Security Terms Cause Confusion

Security blocks performing similar functions may have different names depending on the context or industry; some of them are losing their specific meanings. A survey of alternatives allows us to sharpen understanding and communication.
Bryon Moyer
Bryon Moyer

Security has pervaded the electronics industry to the point where few systems can legitimately claim to require no security. But what companies name security blocks varies by company, industry, and implementation.

Companies employ terms like “root of trust” and “secure enclave” loosely so that it becomes hard to understand what they mean. Do specific requirements apply before a security block qualifies as a block with a specific name? Do standards define any of them? The answers aren’t as straightforward as one might hope.

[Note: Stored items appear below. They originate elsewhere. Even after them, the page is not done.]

(* Let $n\in\mathbb{N}$ and $d\geq 3$. There exists an injective map $\Phi:\mathcal{P}_{n,d}\to\mathcal{P}_{n(n+1),d-1}$ such that $$\Phi(\mathcal{J}^{\rm lin}_{n,d})=\mathcal{J}^{\rm lin}_{n(n+1),d-1;n}\cap \Phi(\mathcal{P}_{n,d}),\qquad \Phi(\mathcal{J}_{n,d})=\mathcal{J}_{n(n+1),d-1;n}\cap \Phi(\mathcal{P}_{n,d}).$$
   Context: A polynomial system is a map $F:\mathbb{C}^n\to\mathbb{C}^n$ all of whose coordinate functions $F_j$ are polynomials; $\mathcal{P}_n$ denotes the set of these, and $\mathcal{P}_{n,d}$ the subset with total degree $\max_j\deg F_j\leq d$. The Jacobian matrix is $J_F(z)=(\partial F_j/\partial z_i)_{1\le i,j\le n}$. $\mathcal{J}^{\rm lin}_{n}$ is the set of $F\in\mathcal{P}_n$ with $\det J_F(z)=c$ for a constant $c\in\mathbb{C}^\times$ (independent of $z$), and $\mathcal{J}_n$ is the set of $F\in\mathcal{P}_n$ that are bijective with polynomial inverse; $\mathcal{J}^{\rm lin}_{n,d}=\mathcal{J}^{\rm lin}_n\cap\mathcal{P}_{n,d}$, $\mathcal{J}_{n,d}=\mathcal{J}_n\cap\mathcal{P}_{n,d}$. Partial versions: for $0\le n'\le n$ write $z=(z_1,z_2)\in\mathbb{C}^{n'}\times\mathbb{C}^{n-n'}$ and $F=(F_1,F_2)$ accordingly, and set $R(z_2;z_1):=F_2(z_1,z_2)$, viewed as a polynomial system in the variables $z_2\in\mathbb{C}^{n-n'}$ depending on the parameters $z_1$. When for each $z_1$ the map $R(\cdot;z_1)$ is in $\mathcal{J}_{n-n'}$, denote by $R^{-1}(\cdot;z_1)$ its inverse, so $R^{-1}(R(z_2;z_1);z_1)=z_2$. - $\mathcal{J}_{n,d;n'}$ is the set of $F\in\mathcal{P}_{n,d}$ such that $R(\cdot;z_1)\in\mathcal{J}_{n-n'}$ for all $z_1\in\mathbb{C}^{n'}$, and such that $F$ restricted to $F^{-1}(\mathbb{C}^{n'}\times\{0\})$ is a bijection onto $\mathbb{C}^{n'}\times\{0\}$ whose inverse $y_1\mapsto F^{-1}(y_1,0)$ is a polynomial map $\mathbb{C}^{n'}\to\mathbb{C}^{n}$. - $\mathcal{J}^{\rm lin}_{n,d;n'}$ is the set of $F\in\mathcal{P}_{n,d}$ such that $R(\cdot;z_1)\in\mathcal{J}_{n-n'}$ for all $z_1\in\mathbb{C}^{n'}$ and there is a constant $c\in\mathbb{C}^\times$ with $\det J_F(z_1,R^{-1}(0;z_1))=c$ for all $z_1\in\mathbb{C}^{n'}$. Here the dimension $n(n+1)$ is split as $n'=n$ first coordinates and $n^2$ remaining coordinates. *)

theory Defs
  imports Complex_Main "HOL-Analysis.Derivative" "Jordan_Normal_Form.Determinant"
begin

(* Points of C^m are represented as functions nat => complex vanishing at indices >= m. *)
definition Cn :: "nat \<Rightarrow> (nat \<Rightarrow> complex) set" where
  "Cn m = {z. \<forall>i. m \<le> i \<longrightarrow> z i = 0}"

definition exps :: "nat \<Rightarrow> nat \<Rightarrow> (nat \<Rightarrow> nat) set" where
  "exps m d = {\<alpha>. (\<forall>i. m \<le> i \<longrightarrow> \<alpha> i = 0) \<and> (\<Sum>i<m. \<alpha> i) \<le> d}"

The terms variously describe the basis for trusting the state of a system, for sensitive computing, and for keeping secrets away from prying eyes. Real systems combine these concepts in ways that can be difficult to distill into a single moniker. Some terms apply to actual hardware systems, whereas some companies will use the same term to describe a security block in an SoC—the latter being Microprocessor Report’s focus.

A discussion of the terms, their origins, and how documentation applies them now can help lead to more precise usage. But it may also be that some of the distinctions, having once been useful, are no longer necessary. At the very least, the analysis can help technologists, marketers, journalists, and analysts interpret and apply the appropriate terms—or at least be consistent in their usage.

Although MPR can’t dictate how others use the terms, we can illuminate the differences and establish our own usage.